- **PROMPT**: Every line in the data below that includes "lemma" belongs in the answer, copied as it stands.

- **DATA FOR PROCESSING**:
(* For all $n\ge0$, $$S_n(x)=\sum_{\nu=0}^{n}\binom{n}{\nu}\alpha_{\nu,n-\nu}\,x^{n-\nu},\qquad\text{i.e.}\quad s_{n,\nu}=\binom{n}{\nu}\alpha_{n-\nu,\nu}\ (0\le\nu\le n).$$ If (R) holds, then $S_n(x)=(-1)^nx^nS_n(x^{-1})$ and $s_{n,\nu}=(-1)^ns_{n,n-\nu}$ for $0\le\nu\le n$.
   Context: Let $(\alpha_n)_{n\ge0}$ be an arbitrary sequence of complex numbers with Appell polynomials $A_n(x)=\sum_{\nu=0}^{n}\binom{n}{\nu}\alpha_{n-\nu}x^\nu$. Let $s_{n,k}=\sum_{\nu=k}^{n}\binom{n}{\nu}\binom{\nu}{k}\alpha_\nu$ ($0\le k\le n$), $S_n(x)=\sum_{k=0}^n s_{n,k}x^k$, and $\alpha_{r,s}=\sum_{\nu=0}^{r}\binom{r}{\nu}\alpha_{s+\nu}$ for $r,s\ge0$. Property (R) means $A_n(1-x)=(-1)^nA_n(x)$ for all $n\ge0$. *)

theory Defs
  imports Complex_Main
begin

definition appell :: "(nat \<Rightarrow> complex) \<Rightarrow> nat \<Rightarrow> complex \<Rightarrow> complex" where
  "appell \<alpha> n x = (\<Sum>\<nu>=0..n. of_nat (n choose \<nu>) * \<alpha> (n - \<nu>) * x ^ \<nu>)"

definition scoef :: "(nat \<Rightarrow> complex) \<Rightarrow> nat \<Rightarrow> nat \<Rightarrow> complex" where
  "scoef \<alpha> n k = (\<Sum>\<nu>=k..n. of_nat (n choose \<nu>) * of_nat (\<nu> choose k) * \<alpha> \<nu>)"

definition Spoly :: "(nat \<Rightarrow> complex) \<Rightarrow> nat \<Rightarrow> complex \<Rightarrow> complex" where
  "Spoly \<alpha> n x = (\<Sum>k=0..n. scoef \<alpha> n k * x ^ k)"

definition alpha2 :: "(nat \<Rightarrow> complex) \<Rightarrow> nat \<Rightarrow> nat \<Rightarrow> complex" where
  "alpha2 \<alpha> r s = (\<Sum>\<nu>=0..r. of_nat (r choose \<nu>) * \<alpha> (s + \<nu>))"

definition propR :: "(nat \<Rightarrow> complex) \<Rightarrow> bool" where
  "propR \<alpha> \<longleftrightarrow> (\<forall>n x. appell \<alpha> n (1 - x) = (-1) ^ n * appell \<alpha> n x)"

end

theory Submission
  imports Defs
begin

(* Trinomial revision turns s_{n,k} into binom(n,k) alpha_{n-k,k}. Property (R) at x = 0 gives
   alpha_{m,0} = A_m(1) = (-1)^m alpha_m, and the Pascal-type recurrence
   alpha_{r+1,s} = alpha_{r,s} + alpha_{r,s+1} propagates this to the symmetry
   alpha_{r,s} = (-1)^(r+s) alpha_{s,r}, which is exactly the palindromic symmetry of the s_{n,k}. *)

lemma scoef_eq_alpha2:
  assumes "k \<le> n"
  shows "scoef \<alpha> n k = of_nat (n choose k) * alpha2 \<alpha> (n - k) k"
proof -
  have "scoef \<alpha> n k = (\<Sum>\<nu>=k..n. of_nat (n choose k) * (of_nat ((n - k) choose (\<nu> - k)) * \<alpha> \<nu>))"
    unfolding scoef_def
  proof (rule sum.cong)
    fix \<nu> assume "\<nu> \<in> {k..n}"
    then have "(n choose \<nu>) * (\<nu> choose k) = (n choose k) * ((n - k) choose (\<nu> - k))"
      by (intro choose_mult) auto
    then show "of_nat (n choose \<nu>) * of_nat (\<nu> choose k) * \<alpha> \<nu>
             = of_nat (n choose k) * (of_nat ((n - k) choose (\<nu> - k)) * \<alpha> \<nu>)"
      by (metis mult.assoc of_nat_mult)
  qed simp
  also have "\<dots> = of_nat (n choose k) * (\<Sum>\<nu>=0+k..(n-k)+k. of_nat ((n - k) choose (\<nu> - k)) * \<alpha> \<nu>)"
    using assms by (simp add: sum_distrib_left)
  also have "\<dots> = of_nat (n choose k) * alpha2 \<alpha> (n - k) k"
    unfolding alpha2_def sum.shift_bounds_cl_nat_ivl by (simp add: add.commute)
  finally show ?thesis .
qed

lemma Spoly_eq_alpha2_sum:
  "Spoly \<alpha> n x = (\<Sum>\<nu>=0..n. of_nat (n choose \<nu>) * alpha2 \<alpha> \<nu> (n - \<nu>) * x ^ (n - \<nu>))"
proof -
  have "Spoly \<alpha> n x = (\<Sum>k=0..n. of_nat (n choose k) * alpha2 \<alpha> (n - k) k * x ^ k)"
    unfolding Spoly_def by (intro sum.cong) (auto simp: scoef_eq_alpha2)
  also have "\<dots> = (\<Sum>\<nu>=0..n. of_nat (n choose (n - \<nu>)) * alpha2 \<alpha> (n - (n - \<nu>)) (n - \<nu>) * x ^ (n - \<nu>))"
    by (subst sum.atLeastAtMost_rev) simp
  also have "\<dots> = (\<Sum>\<nu>=0..n. of_nat (n choose \<nu>) * alpha2 \<alpha> \<nu> (n - \<nu>) * x ^ (n - \<nu>))"
    by (intro sum.cong) (auto simp: binomial_symmetric[symmetric])
  finally show ?thesis .
qed

lemma alpha2_0_left: "alpha2 \<alpha> 0 s = \<alpha> s"
  by (simp add: alpha2_def)

lemma alpha2_Suc_left:
  "alpha2 \<alpha> (Suc r) s = alpha2 \<alpha> r s + alpha2 \<alpha> r (Suc s)"
proof -
  have split: "alpha2 \<alpha> r' s = \<alpha> s + (\<Sum>i=0..r. of_nat (r' choose Suc i) * \<alpha> (s + Suc i))"
    if "r' = r \<or> r' = Suc r" for r'
  proof -
    have "alpha2 \<alpha> r' s = (\<Sum>i=0..Suc r. of_nat (r' choose i) * \<alpha> (s + i))"
      using that unfolding alpha2_def by auto
    then show ?thesis by (subst (asm) sum.atLeast0_atMost_Suc_shift) simp
  qed
  have "alpha2 \<alpha> (Suc r) s = alpha2 \<alpha> r s + (\<Sum>i=0..r. of_nat (r choose i) * \<alpha> (Suc s + i))"
    using split[of "Suc r"] split[of r] by (simp add: sum.distrib distrib_right)
  then show ?thesis unfolding alpha2_def by simp
qed

lemma appell_at_0: "appell \<alpha> m 0 = \<alpha> m"
  unfolding appell_def by (simp add: sum.atLeast_Suc_atMost zero_power)

lemma appell_at_1: "appell \<alpha> m 1 = alpha2 \<alpha> m 0"
proof -
  have "appell \<alpha> m 1 = (\<Sum>\<nu>=0..m. of_nat (m choose (m - \<nu>)) * \<alpha> (m - \<nu>))"
    unfolding appell_def by (intro sum.cong) (auto simp: binomial_symmetric[symmetric])
  also have "\<dots> = alpha2 \<alpha> m 0"
    unfolding alpha2_def by (subst (2) sum.atLeastAtMost_rev) simp
  finally show ?thesis .
qed

lemma propR_alpha2_0_right:
  assumes "propR \<alpha>"
  shows "alpha2 \<alpha> m 0 = (-1) ^ m * \<alpha> m"
  using assms unfolding propR_def
  by (metis appell_at_0 appell_at_1 diff_zero)

lemma propR_alpha2_swap:
  assumes "propR \<alpha>"
  shows "alpha2 \<alpha> r s = (-1) ^ (r + s) * alpha2 \<alpha> s r"
proof (induction r arbitrary: s)
  case 0
  then show ?case by (simp add: alpha2_0_left propR_alpha2_0_right[OF assms])
next
  case (Suc r)
  have "alpha2 \<alpha> (Suc r) s = alpha2 \<alpha> r s + alpha2 \<alpha> r (Suc s)"
    by (rule alpha2_Suc_left)
  also have "\<dots> = (-1) ^ (r + s) * (alpha2 \<alpha> s r - alpha2 \<alpha> (Suc s) r)"
    using Suc[of s] Suc[of "Suc s"] by (simp add: algebra_simps)
  also have "alpha2 \<alpha> s r - alpha2 \<alpha> (Suc s) r = - alpha2 \<alpha> s (Suc r)"
    using alpha2_Suc_left[of \<alpha> s r] by simp
  finally show ?case by simp
qed

lemma propR_scoef_reflect:
  assumes "propR \<alpha>" and "\<nu> \<le> n"
  shows "scoef \<alpha> n \<nu> = (-1) ^ n * scoef \<alpha> n (n - \<nu>)"
proof -
  have "scoef \<alpha> n \<nu> = of_nat (n choose \<nu>) * alpha2 \<alpha> (n - \<nu>) \<nu>"
    using assms(2) by (rule scoef_eq_alpha2)
  also have "\<dots> = of_nat (n choose (n - \<nu>)) * ((-1) ^ n * alpha2 \<alpha> \<nu> (n - \<nu>))"
    using propR_alpha2_swap[OF assms(1), of "n - \<nu>" \<nu>] assms(2)
    by (simp add: binomial_symmetric[symmetric])
  also have "\<dots> = (-1) ^ n * scoef \<alpha> n (n - \<nu>)"
    using scoef_eq_alpha2[of "n - \<nu>" n \<alpha>] assms(2) by simp
  finally show ?thesis .
qed

lemma power_mult_sum_inverse_powers:
  fixes x :: "'a :: field"
  assumes "x \<noteq> 0"
  shows "x ^ n * (\<Sum>k=0..n. c k * inverse x ^ k) = (\<Sum>k=0..n. c (n - k) * x ^ k)"
proof -
  have "x ^ n * (\<Sum>k=0..n. c k * inverse x ^ k) = (\<Sum>k=0..n. c k * x ^ (n - k))"
    unfolding sum_distrib_left
  proof (intro sum.cong refl)
    fix k assume "k \<in> {0..n}"
    then have "x ^ n = x ^ (n - k) * x ^ k" by (simp flip: power_add)
    then show "x ^ n * (c k * inverse x ^ k) = c k * x ^ (n - k)"
      using assms by (simp add: field_simps power_inverse)
  qed
  also have "\<dots> = (\<Sum>k=0..n. c (n - k) * x ^ k)"
    by (subst sum.atLeastAtMost_rev) (intro sum.cong; auto)
  finally show ?thesis .
qed

lemma propR_Spoly_reciprocal:
  assumes "propR \<alpha>" and "x \<noteq> 0"
  shows "Spoly \<alpha> n x = (-1) ^ n * x ^ n * Spoly \<alpha> n (inverse x)"
proof -
  have "x ^ n * Spoly \<alpha> n (inverse x) = (\<Sum>k=0..n. scoef \<alpha> n (n - k) * x ^ k)"
    unfolding Spoly_def using assms(2) by (rule power_mult_sum_inverse_powers)
  also have "\<dots> = (\<Sum>k=0..n. (-1) ^ n * scoef \<alpha> n k * x ^ k)"
    by (intro sum.cong refl)
      (metis atLeastAtMost_iff diff_diff_cancel diff_le_self propR_scoef_reflect[OF assms(1)])
  finally have "x ^ n * Spoly \<alpha> n (inverse x) = (-1) ^ n * Spoly \<alpha> n x"
    unfolding Spoly_def by (simp add: sum_distrib_left mult.assoc)
  then show ?thesis by (simp flip: power_add add: mult.assoc power_mult_distrib)
qed

theorem mainTheorem9:
  fixes \<alpha> :: "nat \<Rightarrow> complex"
  shows "(\<forall>n x. Spoly \<alpha> n x = (\<Sum>\<nu>=0..n. of_nat (n choose \<nu>) * alpha2 \<alpha> \<nu> (n - \<nu>) * x ^ (n - \<nu>)))
       \<and> (\<forall>n \<nu>. \<nu> \<le> n \<longrightarrow> scoef \<alpha> n \<nu> = of_nat (n choose \<nu>) * alpha2 \<alpha> (n - \<nu>) \<nu>)
       \<and> (propR \<alpha> \<longrightarrow>
            (\<forall>n x. x \<noteq> 0 \<longrightarrow> Spoly \<alpha> n x = (-1) ^ n * x ^ n * Spoly \<alpha> n (inverse x))
          \<and> (\<forall>n \<nu>. \<nu> \<le> n \<longrightarrow> scoef \<alpha> n \<nu> = (-1) ^ n * scoef \<alpha> n (n - \<nu>)))"
  by (intro conjI allI impI Spoly_eq_alpha2_sum scoef_eq_alpha2 propR_Spoly_reciprocal
      propR_scoef_reflect)

end
(* Let $s\in\{1,\ldots,d\}$, $M\in\mathbb{R}^{\mathcal{I}}$, $P\subset\mathcal{I}$, and let $G=G^-$ be a TT representation with $G_1,\ldots,G_{s-1}$ left orthogonal and $G_{s+1},\ldots,G_d$ right orthogonal. Let $S:=(M-A^{G^-})|_P$ and define the matrix block $N$ by $N(j):=(G^{<s})^T S_{(s)}(j)\,(G^{>s})^T$ for $j\in\mathcal{I}_s$. For $\alpha\in\mathbb{R}$ let $G^\alpha_s:=G^-_s+\alpha N$. Assume $\sum_{j\in\mathcal{I}_s}\|(G^{<s}N(j)G^{>s})|_{P,s,j}\|_F^2\neq 0$. Then the optimal overrelaxation parameter \[ \alpha^* := \mathrm{argmin}_{\alpha\in\mathbb{R}} \sum_{j\in\mathcal{I}_s}\big\|(G^{<s}\, G^{\alpha}_s(j)\, G^{>s} - M_{(s)}(j))|_{P,s,j}\big\|_F^2 \] is given by \[ \alpha^* = \frac{\sum_{j\in\mathcal{I}_s}\|N(j)\|_F^2}{\sum_{j\in\mathcal{I}_s}\|(G^{<s}N(j)G^{>s})|_{P,s,j}\|_F^2}. \]
   Context: Let $\mathcal{I}_\mu=\{1,\ldots,n_\mu\}$, $\mathcal{I}=\mathcal{I}_1\times\cdots\times\mathcal{I}_d$. A TT representation with ranks $r_0=1,r_1,\ldots,r_{d-1},r_d=1$ consists of maps $G_\mu:\mathcal{I}_\mu\to\mathbb{R}^{r_{\mu-1}\times r_\mu}$; it represents $A^G_{i_1,\ldots,i_d}=G_1(i_1)\cdots G_d(i_d)$. $G_\mu$ is left orthogonal if $\sum_{i}G_\mu(i)^TG_\mu(i)=I$, right orthogonal if $\sum_i G_\mu(i)G_\mu(i)^T=I$. For $X\in\mathbb{R}^{\mathcal{I}}$, $X|_P$ is the tensor equal to $X$ on $P$ and $0$ elsewhere. $G^{<s}$ is the matrix with rows indexed by $(i_1,\ldots,i_{s-1})$, row $(i_1,\ldots,i_{s-1})$ being $G_1(i_1)\cdots G_{s-1}(i_{s-1})\in\mathbb{R}^{1\times r_{s-1}}$ ($1\times1$ identity if $s=1$); $G^{>s}$ is the matrix with columns indexed by $(i_{s+1},\ldots,i_d)$, column $(i_{s+1},\ldots,i_d)$ being $G_{s+1}(i_{s+1})\cdots G_d(i_d)\in\mathbb{R}^{r_s\times1}$ ($1\times1$ identity if $s=d$). For $X\in\mathbb{R}^{\mathcal{I}}$, $X_{(s)}(j)$ is the matrix with rows $(i_1,\ldots,i_{s-1})$, columns $(i_{s+1},\ldots,i_d)$ and entries $X_{i_1,\ldots,i_{s-1},j,i_{s+1},\ldots,i_d}$. For a matrix $Y$ with rows indexed by $(i_1,\ldots,i_{s-1})$ and columns by $(i_{s+1},\ldots,i_d)$, $Y|_{P,s,j}$ sets to zero every entry $((i_1,\ldots,i_{s-1}),(i_{s+1},\ldots,i_d))$ for which $(i_1,\ldots,i_{s-1},j,i_{s+1},\ldots,i_d)\notin P$. *)

theory Defs
  imports Complex_Main "HOL-Library.FuncSet"
begin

- **RESPONSE TO THIS TASK**:
lemma scoef_eq_alpha2:
lemma Spoly_eq_alpha2_sum:
lemma alpha2_0_left: "alpha2 \<alpha> 0 s = \<alpha> s"
lemma alpha2_Suc_left:
lemma appell_at_0: "appell \<alpha> m 0 = \<alpha> m"
lemma appell_at_1: "appell \<alpha> m 1 = alpha2 \<alpha> m 0"
lemma propR_alpha2_0_right:
lemma propR_alpha2_swap:
lemma propR_scoef_reflect:
lemma power_mult_sum_inverse_powers:
lemma propR_Spoly_reciprocal:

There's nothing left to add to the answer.